How to set up web filtering solution on Squid Proxy

Guest contributor Rafael Akchurin of QuintoLabs presents this how-to article on setting up web content filtering on Squid Proxy.

This HOWTO describes how to protect your home or small enterprise network users from objectionable Internet content with help of HTTP proxy. Our goal is to set up a free, Linux-based server running Squid and deploy a web filtering application on it in order to save bandwidth, speed up web access, and block offensive and potentially illegal or malicious web files.

In this tutorial, I will assume that the network environment consists of a SOHO level router that distributes wireless Wi-Fi, several desktop and laptop computers, iPads, and some mobile smart phones as shown on the following network diagram.

Set up CentOS Linux on proxy server

Our proxy server will be built using free version of CentOS Linux 6.2. It is also possible to use RedHat Linux 6.2 with paid subscription if you need a guaranteed level of support for your servers.

In order to install CentOS Linux, go to http://mirror.centos.org/centos/6/isos/i386/ and download the CentOS-6.2-i386-minimal.iso image file. Burn it on a spare CD, insert into your server's CD drive and power it on.

Follow the installation steps accepting the defaults or customizing the required parts of the install according to your needs. Configure machine hostname as "proxy" and root password as "P@ssw0rd" (without quotation marks). Wait until the installation is complete and then reboot the system.

The installed version of CentOS usually does not have network connectivity enabled by default. In order to enable network access, we need to perform the following.

  1. Assign a static IP address of 192.168.1.2 with network mask 255.255.255.0 to our proxy server by modifying startup script /etc/sysconfig/network-scripts/ifcfg-eth0. Open it and add these lines:
    BOOTPROTO=static
     NETMASK=255.255.255.0
     IPADDR=192.168.1.2
     ONBOOT=yes
  2. Set default gateway settings in /etc/sysconfig/network configuration file by adding this line:
    GATEWAY=192.168.1.1
  3. Adjust DNS resolve settings in /etc/resolv.conf by adding IP address of the DNS server that runs on router:
    nameserver 192.168.1.1

Restart your network subsystem by typing /etc/init.d/network restart in the root terminal or by just restarting the server. After restart, confirm that the network functions correctly by typing in the terminal (there should not be any errors in the outputs on these commands):

$ping -c 3 192.168.1.1
$nslookup google.com

Before we do any further installation it is recommended to update the freshly installed system with the latest security patches that may have come out after the ISO has been released. So type yum update in the root terminal and reboot the server after update completes.

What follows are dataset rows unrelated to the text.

lemma little_schroeder_1: "little_schroeder 1 = 1"
proof -
  have "(2 * little_schroeder_gf ^ 2 - (1 + fps_X) * little_schroeder_gf + fps_X) $ 1 = 0"
    using little_schroeder_gf_quadratic by simp
  then show ?thesis
    using little_schroeder_0
    by (simp add: little_schroeder_def power2_eq_square fps_mult_nth numeral_fps_const algebra_simps)
qed

lemma little_schroeder_recurrence:
  "little_schroeder (n + 2) =
     (\<Sum>k<n. little_schroeder (k + 1) * little_schroeder (n - k + 1)) +
     (\<Sum>k\<le>n. little_schroeder (k + 1) * little_schroeder (n - k + 1))"
proof -
  let ?s = little_schroeder
  define f where "f i = ?s i * ?s (n + 2 - i)" for i
  have "(little_schroeder_gf ^ 2) $ (n + 2) = (\<Sum>i\<le>Suc (Suc n). f i)"
    by (simp add: power2_eq_square fps_mult_nth f_def atLeast0AtMost little_schroeder_def)
  also have "\<dots> = f 0 + (\<Sum>k\<le>n. f (Suc k)) + f (Suc (Suc n))"
    by (subst sum.atMost_Suc_shift) (simp only: sum.atMost_Suc add.assoc)
  also have "\<dots> = (\<Sum>k\<le>n. ?s (k + 1) * ?s (n - k + 1))"
    by (auto simp: f_def little_schroeder_0 Suc_diff_le intro!: sum.cong)
  finally have sq: "(little_schroeder_gf ^ 2) $ (n + 2) = (\<Sum>k\<le>n. ?s (k + 1) * ?s (n - k + 1))" .
  have "(2 * little_schroeder_gf ^ 2 - (1 + fps_X) * little_schroeder_gf + fps_X) $ (n + 2) = 0"
    using little_schroeder_gf_quadratic by simp
  then have "?s (n + 2) = 2 * (\<Sum>k\<le>n. ?s (k + 1) * ?s (n - k + 1)) - ?s (n + 1)"
    using sq by (simp add: little_schroeder_def numeral_fps_const algebra_simps)
  then show ?thesis
    using little_schroeder_1 by (simp add: lessThan_Suc_atMost [symmetric])
qed

definition occurrence :: "nat \<Rightarrow> (nat \<Rightarrow> nat) \<Rightarrow> nat list \<Rightarrow> (nat \<Rightarrow> nat) \<Rightarrow> bool" where
  "occurrence m \<sigma> \<tau> idx \<longleftrightarrow>
     (\<forall>j<length \<tau>. idx j \<in> {1..m}) \<and>
     (\<forall>a b. a < b \<and> b < length \<tau> \<longrightarrow> idx a < idx b) \<and>
     (\<forall>a<length \<tau>. \<forall>b<length \<tau>. \<sigma> (idx a) < \<sigma> (idx b) \<longleftrightarrow> \<tau> ! a < \<tau> ! b)"

lemma contains_pattern_iff_occurrence:
  "contains_pattern m \<sigma> \<tau> \<longleftrightarrow> (\<exists>idx. occurrence m \<sigma> \<tau> idx)"
  unfolding contains_pattern_def occurrence_def ..

lemma contains_patternI:
  assumes "sorted_wrt (<) ps" "set ps \<subseteq> {1..m}" "length ps = length \<tau>"
    and "\<forall>a<length \<tau>. \<forall>b<length \<tau>. \<sigma> (ps ! a) < \<sigma> (ps ! b) \<longleftrightarrow> \<tau> ! a < \<tau> ! b"
  shows "contains_pattern m \<sigma> \<tau>"
proof -
  have "ps ! j \<in> {1..m}" if "j < length \<tau>" for j
    using assms(2,3) that by (metis nth_mem subsetD)
  then have "occurrence m \<sigma> \<tau> ((!) ps)"
    using assms(1,3,4) by (simp add: occurrence_def sorted_wrt_iff_nth_less)
  then show ?thesis
    by (auto simp: contains_pattern_iff_occurrence)
qed

lemma contains_1342I:
  assumes "1 \<le> a" "a < b" "b < c" "c < d" "d \<le> m" "\<sigma> a < \<sigma> d" "\<sigma> d < \<sigma> b" "\<sigma> b < \<sigma> c"
  shows "contains_pattern m \<sigma> [1,3,4,2]"
  by (rule contains_patternI[of "[a, b, c, d]"]) (use assms in \<open>auto simp: All_less_Suc numeral_eq_Suc\<close>)

lemma contains_1423I:
  assumes "1 \<le> a" "a < b" "b < c" "c < d" "d \<le> m" "\<sigma> a < \<sigma> c" "\<sigma> c < \<sigma> d" "\<sigma> d < \<sigma> b"
  shows "contains_pattern m \<sigma> [1,4,2,3]"
  by (rule contains_patternI[of "[a, b, c, d]"]) (use assms in \<open>auto simp: All_less_Suc numeral_eq_Suc\<close>)

definition block_at :: "(nat \<Rightarrow> nat) \<Rightarrow> nat \<Rightarrow> nat \<Rightarrow> nat \<Rightarrow> (nat \<Rightarrow> nat) \<Rightarrow> bool" where
  "block_at \<pi> s t l \<sigma> \<longleftrightarrow> (\<forall>i\<in>{1..l}. \<pi> (s + i) = \<sigma> i + t)"

lemma block_atD: "block_at \<pi> s t l \<sigma> \<Longrightarrow> i \<in> {1..l} \<Longrightarrow> \<pi> (s + i) = \<sigma> i + t"
  by (simp add: block_at_def)

lemma contains_pattern_block:
  assumes "block_at \<pi> s t l \<sigma>" "s + l \<le> m" "contains_pattern l \<sigma> \<tau>"
  shows "contains_pattern m \<pi> \<tau>"
proof -
  obtain idx where idx: "occurrence l \<sigma> \<tau> idx"
    using assms(3) by (auto simp: contains_pattern_iff_occurrence)
  have "\<pi> (s + idx j) = \<sigma> (idx j) + t" if "j < length \<tau>" for j
    using assms(1) idx that by (auto simp: block_at_def occurrence_def)
  then have "occurrence m \<pi> \<tau> (\<lambda>j. s + idx j)"
    using idx assms(2) by (fastforce simp: occurrence_def)
  then show ?thesis
    by (auto simp: contains_pattern_iff_occurrence)
qed

lemma contains_pattern_in_block:
  assumes "block_at \<pi> s t l \<sigma>" "occurrence m \<pi> \<tau> idx"
    and "\<forall>j<length \<tau>. s < idx j \<and> idx j \<le> s + l"
  shows "contains_pattern l \<sigma> \<tau>"
proof -
  have "\<pi> (idx j) = \<sigma> (idx j - s) + t" if "j < length \<tau>" for j
  proof -
    have "idx j - s \<in> {1..l}" "s + (idx j - s) = idx j"
      using assms(3) that by auto
    then show ?thesis
      using assms(1) unfolding block_at_def by metis
  qed
  then have "occurrence l \<sigma> \<tau> (\<lambda>j. idx j - s)"
    using assms(2,3) by (fastforce simp: occurrence_def)
  then show ?thesis
    by (auto simp: contains_pattern_iff_occurrence)
qed

lemma dumont1_iff:
  "dumont1 n \<pi> \<longleftrightarrow> \<pi> permutes {1..2*n} \<and>
     (\<forall>i\<in>{1..<2*n}. \<pi> (i + 1) < \<pi> i \<longleftrightarrow> even (\<pi> i)) \<and> (0 < n \<longrightarrow> odd (\<pi> (2*n)))"
proof
  assume d: "dumont1 n \<pi>"
  have "\<pi> (i + 1) < \<pi> i \<longleftrightarrow> even (\<pi> i)" if "i \<in> {1..<2*n}" for i
  proof -
    have "i \<in> {1..2*n}"
      using that by simp
    with d have "(even (\<pi> i) \<longrightarrow> \<pi> (i + 1) < \<pi> i) \<and> (odd (\<pi> i) \<longrightarrow> i = 2*n \<or> \<pi> i < \<pi> (i + 1))"
      unfolding dumont1_def by blast
    then show ?thesis
      using that by auto
  qed
  moreover have "odd (\<pi> (2*n))" if "0 < n"
    using d that unfolding dumont1_def by fastforce
  ultimately show "\<pi> permutes {1..2*n} \<and>
     (\<forall>i\<in>{1..<2*n}. \<pi> (i + 1) < \<pi> i \<longleftrightarrow> even (\<pi> i)) \<and> (0 < n \<longrightarrow> odd (\<pi> (2*n)))"
    using d unfolding dumont1_def by blast
next
  assume "\<pi> permutes {1..2*n} \<and>
     (\<forall>i\<in>{1..<2*n}. \<pi> (i + 1) < \<pi> i \<longleftrightarrow> even (\<pi> i)) \<and> (0 < n \<longrightarrow> odd (\<pi> (2*n)))"
  then have perm: "\<pi> permutes {1..2*n}"
    and desc: "\<And>i. i \<in> {1..<2*n} \<Longrightarrow> \<pi> (i + 1) < \<pi> i \<longleftrightarrow> even (\<pi> i)"
    and last: "0 < n \<Longrightarrow> odd (\<pi> (2*n))"
    by auto
  have "(even (\<pi> i) \<longrightarrow> i < 2*n \<and> \<pi> i > \<pi> (i + 1)) \<and> (odd (\<pi> i) \<longrightarrow> i = 2*n \<or> \<pi> i < \<pi> (i + 1))"
    if i: "i \<in> {1..2*n}" for i
  proof (cases "i = 2*n")
    case True
    then show ?thesis
      using last i by auto
  next
    case False
    have "\<pi> i \<noteq> \<pi> (i + 1)"
      using injD[OF permutes_inj[OF perm]] by fastforce
    then show ?thesis
      using desc[of i] i False by auto
  qed
  with perm show "dumont1 n \<pi>"
    unfolding dumont1_def by blast
qed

Set up Squid on proxy server

We will use Squid as caching and filtering proxy that runs on our Proxy Server. In order to install the version of Squid that comes with the 6.2 CentOS distribution type yum install squid in the root terminal. Squid and all related packages and dependencies are downloaded from the Internet and installed automatically.

Make Squid proxy service start on system boot automatically by typing chkconfig squid on. Reboot your server or just start Squid for the first time manually with service squid start.

The only thing to do is to let the external users from our home network access Squid. Open configuration file /etc/squid/squid.conf and add the line visible_hostname proxy. Also check that http_access allow localnet and acl localnet src 192.168.0.0/16 are present in the configuration file.

Restart Squid by typing service squid restart. Verify that Squid runs correctly by pointing your user browser to the IP address of the Proxy Server (192.168.1.2) and surfing to some of your favorite websites.

NOTE: You may need to adjust firewall settings in CentOS in order to let proxy users connect to port 3128 on the Proxy Server. Use system-config-firewall-tui or iptables commands to do that. A good idea would be to allow access also to port 80, as we will use this port for managing QuintoLabs Content Security through Web UI as described later.

Set up QuintoLabs Content Security

The next step is to install Content Security for Squid from QuintoLabs (I will refer to it as qlproxy further in text). For those who do not know, QuintoLabs Content Security is an ICAP daemon/URL rewriter that integrates with existing Squid proxy server and provides rich content filtering functionality to sanitize web traffic passing into internal home / enterprise networks. It may be used to block illegal or potentially malicious file downloads, remove annoying advertisements, prevent access to various categories of the websites and block resources with explicit content (i.e., prohibit explicit and adult content).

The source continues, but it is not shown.